Blockchain by blockchain

Blockchain has received a lot of attention for being the underlying technology behind digital assets such as cryptocurrency and non-fungible tokens (NFTs). Some innovators in legal envision blockchain being used to explore more business-oriented applications of distributed ledger technology.

Law firm Hogan Lovells, for example, sees blockchain technology as an opportunity to reform its real estate processes. The firm has developed DriveChain, a collaboration between the firm, banking company BNP Paribas, and blockchain technology provider Integra Ledger, to automate parts of the real estate process. DriveChain looks to eliminate manual data entry or multiple layers of approvals by automatically coding deal details such as parties, sale price or amount for rent, and more, into the document. That generates a unique deal ID, which is put on the blockchain. The data is then given a unique code called a hash, through which all parties are notified if any details of the deal are changed.

“What we are doing with blockchain is validat[ing] that the document they received, that the metadata within the document, is still validated,” says Bob Shaeffer, senior manager of architecture and integrations at Hogan Lovells, during a panel on the use of blockchain in professional services firms.

Joseph Raczynski of Thomson Reuters

Shaeffer is quick to add that DriveChain is not a piece of blockchain technology itself, but rather the name for the new real estate-centric workflow. Blockchain technology simply functions as a piece of the overall puzzle, and only the hash and the unique ID for the data actually sit within the blockchain architecture. This way, the firm still holds crucial deal details inside its own walls for the protection of clients, but it still utilizes the new technology to cut time out of the process for approvals.
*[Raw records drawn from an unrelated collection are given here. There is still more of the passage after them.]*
lemma dominated_pair_nonpos:
  fixes f g p q :: "real \<Rightarrow> real"
  assumes f: "nondecr0 f" "\<And>t. 0 \<le> t \<Longrightarrow> continuous (at_right t) f"
      "emeasure (LS_measure f) M = 0" "right_open M"
    and g: "nondecr0 g" "\<And>t. 0 \<le> t \<Longrightarrow> continuous (at_right t) g"
      "emeasure (LS_measure g) N = 0" "right_open N"
    and cover: "{0..} \<subseteq> M \<union> N"
    and fp: "nondecr0 (\<lambda>t. f t - p t)" and gq: "nondecr0 (\<lambda>t. g t - q t)"
    and p_le_q: "\<And>s. 0 \<le> s \<Longrightarrow> s \<notin> M \<Longrightarrow> p s \<le> q s"
    and q_le_p: "\<And>s. 0 \<le> s \<Longrightarrow> s \<notin> N \<Longrightarrow> q s \<le> p s"
    and "0 \<le> u"
  shows "p u \<le> 0 \<and> q u \<le> 0"
proof (rule ccontr)
  define B where "B = {v. 0 \<le> v \<and> \<not> (p v \<le> 0 \<and> q v \<le> 0)}"
  define T where "T = Inf B"
  assume "\<not> (p u \<le> 0 \<and> q u \<le> 0)"
  with \<open>0 \<le> u\<close> have B_ne: "B \<noteq> {}"
    by (auto simp: B_def)
  have bdd: "bdd_below B"
    by (auto simp: B_def bdd_below_def)
  have "0 \<le> T"
    unfolding T_def using B_ne by (rule cInf_greatest) (auto simp: B_def)
  have before: "p w \<le> 0 \<and> q w \<le> 0" if "0 \<le> w" "w < T" for w
    using cInf_lower[OF _ bdd, of w] that by (force simp: B_def T_def)
  have borel: "M \<in> sets borel" "N \<in> sets borel"
    using f(4) g(4) by (simp_all add: right_open_imp_borel)
  obtain e where "e > 0" and "{T..<T + e} \<subseteq> M \<or> {T..<T + e} \<subseteq> N"
    using cover \<open>0 \<le> T\<close> f(4) g(4) unfolding right_open_def by blast
  then have good: "p v \<le> 0 \<and> q v \<le> 0" if "T \<le> v" "v < T + e" for v
  proof (elim disjE)
    assume "{T..<T + e} \<subseteq> M"
    from dominated_pair_nonpos_step[OF g(1-3) borel(2) f(1-3) borel(1) gq fp q_le_p \<open>0 \<le> T\<close> this]
    show ?thesis using before that by blast
  next
    assume "{T..<T + e} \<subseteq> N"
    from dominated_pair_nonpos_step[OF f(1-3) borel(1) g(1-3) borel(2) fp gq p_le_q \<open>0 \<le> T\<close> this]
    show ?thesis using before that by blast
  qed
  obtain v where "v \<in> B" "v < T + e"
    using cInf_less_iff[OF B_ne bdd, of "T + e"] \<open>e > 0\<close> by (auto simp: T_def)
  moreover have "T \<le> v"
    unfolding T_def using \<open>v \<in> B\<close> bdd by (rule cInf_lower)
  ultimately show False
    using good by (auto simp: B_def)
qed

lemma nondecr0_add:
  assumes "nondecr0 f" "nondecr0 g"
  shows "nondecr0 (\<lambda>t. f t + g t)"
  using assms unfolding nondecr0_def mono_on_def by (auto intro: add_mono)

lemma less_if_INF_diff_pos:
  fixes l r :: "'a \<Rightarrow> ereal"
  assumes "(INF t\<in>A. r t - l t) > 0" "t \<in> A" "l t \<noteq> \<infinity>" "r t \<noteq> -\<infinity>"
  shows "l t < r t"
proof -
  have "0 < r t - l t"
    using assms(1) INF_lower[OF assms(2), of "\<lambda>t. r t - l t"] by simp
  with assms(3,4) show ?thesis
    by (cases "l t"; cases "r t") auto
qed

lemma SP_sol_right_open_slack:
  assumes "l \<in> D_minus" "r \<in> D_plus" "SP_sol l r chi phi eta etal etar"
  shows "right_open {s. 0 \<le> s \<and> l s < ereal (phi s)}"
    and "right_open {s. 0 \<le> s \<and> ereal (phi s) < r s}"
proof -
  have "continuous (at_right s) l" "continuous (at_right s) r" if "0 \<le> s" for s
    using assms(1,2) that by (auto simp: D_minus_def D_plus_def cadlag_def)
  moreover have "continuous (at_right s) (\<lambda>s. ereal (phi s))" if "0 \<le> s" for s
    using assms(3) that unfolding SP_sol_def D_def cadlag_def continuous_within
    by (auto intro: tendsto_ereal)
  ultimately show "right_open {s. 0 \<le> s \<and> l s < ereal (phi s)}"
    and "right_open {s. 0 \<le> s \<and> ereal (phi s) < r s}"
    by (auto intro!: right_open_less)
qed

lemma SP_sol_compare:
  fixes l r :: "real \<Rightarrow> ereal"
    and chi chi' alpha beta phi eta etal etar phi' eta' etal' etar' :: "real \<Rightarrow> real"
  assumes "l \<in> D_minus" and "r \<in> D_plus" and l_less_r: "\<And>t. 0 \<le> t \<Longrightarrow> l t < r t"
    and sol: "SP_sol l r chi phi eta etal etar" and sol': "SP_sol l r chi' phi' eta' etal' etar'"
    and "nondecr0 alpha" "nondecr0 beta"
    and diff: "\<And>t. 0 \<le> t \<Longrightarrow> chi t - chi' t = alpha t - beta t"
    and "0 \<le> t"
  shows "etal' t \<le> etal t + alpha t \<and> etar' t \<le> etar t + beta t"
proof -
  have eq: "phi s = chi s + etal s - etar s" "phi' s = chi' s + etal' s - etar' s"
    and bounds: "l s \<le> phi s" "phi s \<le> r s" "l s \<le> phi' s" "phi' s \<le> r s" if "0 \<le> s" for s
    using sol sol' that unfolding SP_sol_def by auto
  have "etal' t - etal t - alpha t \<le> 0 \<and> etar' t - etar t - beta t \<le> 0"
  proof (rule dominated_pair_nonpos[where M = "{s. 0 \<le> s \<and> l s < ereal (phi' s)}"
        and N = "{s. 0 \<le> s \<and> ereal (phi' s) < r s}"
        and p = "\<lambda>s. etal' s - etal s - alpha s" and q = "\<lambda>s. etar' s - etar s - beta s"])
    show "nondecr0 etal'" "nondecr0 etar'"
      "emeasure (LS_measure etal') {s. 0 \<le> s \<and> l s < ereal (phi' s)} = 0"
      "emeasure (LS_measure etar') {s. 0 \<le> s \<and> ereal (phi' s) < r s} = 0"
      using sol' by (simp_all add: SP_sol_def)
    show "continuous (at_right s) etal'" "continuous (at_right s) etar'" if "0 \<le> s" for s
      using sol' that by (simp_all add: SP_sol_def D_def cadlag_def)
    show "right_open {s. 0 \<le> s \<and> l s < ereal (phi' s)}"
      "right_open {s. 0 \<le> s \<and> ereal (phi' s) < r s}"
      using SP_sol_right_open_slack[OF assms(1,2) sol'] .
    show "{0..} \<subseteq> {s. 0 \<le> s \<and> l s < ereal (phi' s)} \<union> {s. 0 \<le> s \<and> ereal (phi' s) < r s}"
      using l_less_r bounds(3,4) by (force simp: not_less intro: order.strict_trans1)
    show "nondecr0 (\<lambda>s. etal' s - (etal' s - etal s - alpha s))"
      "nondecr0 (\<lambda>s. etar' s - (etar' s - etar s - beta s))"
      using sol \<open>nondecr0 alpha\<close> \<open>nondecr0 beta\<close> by (simp_all add: SP_sol_def nondecr0_add)
  next
    fix s assume "0 \<le> s" "s \<notin> {s. 0 \<le> s \<and> l s < ereal (phi' s)}"
    then have "ereal (phi' s) \<le> l s"
      by (simp add: not_less)
    also have "l s \<le> ereal (phi s)"
      using bounds(1)[OF \<open>0 \<le> s\<close>] .
    finally have "phi' s \<le> phi s"
      by simp
    then show "etal' s - etal s - alpha s \<le> etar' s - etar s - beta s"
      using eq[OF \<open>0 \<le> s\<close>] diff[OF \<open>0 \<le> s\<close>] by simp
  next
    fix s assume "0 \<le> s" "s \<notin> {s. 0 \<le> s \<and> ereal (phi' s) < r s}"
    have "ereal (phi s) \<le> r s"
      using bounds(2)[OF \<open>0 \<le> s\<close>] .
    also have "r s \<le> ereal (phi' s)"
      using \<open>s \<notin> _\<close> \<open>0 \<le> s\<close> by (simp add: not_less)
    finally have "phi s \<le> phi' s"
      by simp
    then show "etar' s - etar s - beta s \<le> etal' s - etal s - alpha s"
      using eq[OF \<open>0 \<le> s\<close>] diff[OF \<open>0 \<le> s\<close>] by simp
  qed (rule \<open>0 \<le> t\<close>)
  then show ?thesis
    by simp
qed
It’s this type of practical application that more and more firms are exploring on the blockchain, adds Joseph Raczynski, a technologist and futurist with Thomson Reuters, from “smart” contracts that are automatically executed once specifically-coded parameters are hit, to decentralized finance (DeFi) marketplaces that are increasingly becoming a hub for business transactions. Raczynski even pointed to one firm, Rose Law Group, that executed a legal wedding online, with both a pre-nuptial agreement and a marriage license coded as a legally-binding NFT.

“They moved down the road of taking documents that are unique and making them an NFT, which is what we’re going to see in the not too distant future,” Raczynski explains.

Into the metaverse

It’s not just business applications that have those in the legal industry excited about future technologies, however. For legal and professional services organizations, the metaverse is quickly becoming not the realm of first movers, but simply where clients hold their value.

Alejandro Vallellanes, knowledge services manager at law firm Baker McKenzie, says that between explosive cryptocurrency holdings, the value of social media advertising, and an increasing emphasis on digital holdings like NFTs or virtual real estate, “for some people, that asset class is more valuable than their physical assets.” Vallellanes, who spoke on a panel about the use of the metaverse in legal, adds that “when that happens across the board, we can already consider ourselves living in some sort of metaverse.”

Naturally, there is skepticism about whether the metaverse could truly become that pervasive.

Yet, almost half (48%) of consumer respondents said they would be very interested or somewhat interested in shopping within the metaverse within the next five years, according to a McKinsey & Co. survey from February 2022. More than 40% of respondents indicated they would be interested in using the metaverse to attend a telehealth appointment, attend a live learning course, or even meet with friends and family.

And where people are, money follows. Jerry Bui, a managing director at FTI Consulting who spoke on the same panel, notes that Goldman Sachs has estimated the metaverse’s ultimate market size to be somewhere between a $2 trillion to 12 trillion opportunity. Even now, Bui says, virtual gaming has become a $200 billion business, dwarfing many other forms of media and sports. “If you don’t think there’s momentum towards that end, just look at the money that’s flowing into this space,” Bui explains.